Records provided Start Marker
theorem theorem2p2:
  fixes E :: "'v::finite \<Rightarrow> 'v \<Rightarrow> bool"
    and D :: "'v \<Rightarrow> 'v \<Rightarrow> 'k::field_char_0"
  assumes "simple_graph E"
    and "connected_graph E"
    and "card (UNIV :: 'v set) \<ge> 3"
    and "is_derivation E D"
  shows "(\<forall>i. D i i = 0)
       \<and> (\<forall>i j. i \<noteq> j \<and> \<not> (\<exists>T\<in>Gamma3 E. i \<in> T \<and> j \<in> T) \<longrightarrow> D i j = 0)
       \<and> (\<forall>T\<in>Gamma3 E. \<forall>i\<in>T. \<forall>j\<in>T. i \<noteq> j \<longrightarrow> D i j = - D j i)
       \<and> (\<forall>T\<in>Gamma3 E. \<forall>i\<in>T. (\<Sum>k\<in>T. D k i) = 0)"
proof -
  interpret evolution_derivation E D
  proof
    show "\<exists>b. E a b" for a
      using assms(3) connected_graph_has_neighbour[OF assms(2)] by simp
  qed (use assms(1,4) in \<open>simp_all add: simple_graph_def\<close>)
  show ?thesis
    by (intro conjI allI ballI impI; (elim conjE)?;
        rule diag_eq_0 entry_eq_0_outside_Gamma3 skew_on_Gamma3 Gamma3_column_sum_eq_0)
qed

end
Records provided End Marker
**Your task:**
Give back exactly the lines from the one that contains "by (intro conjI" to the end of the data above, both of those lines included.

**Solution for this task:**
    by (intro conjI allI ballI impI; (elim conjE)?;
        rule diag_eq_0 entry_eq_0_outside_Gamma3 skew_on_Gamma3 Gamma3_column_sum_eq_0)
qed

end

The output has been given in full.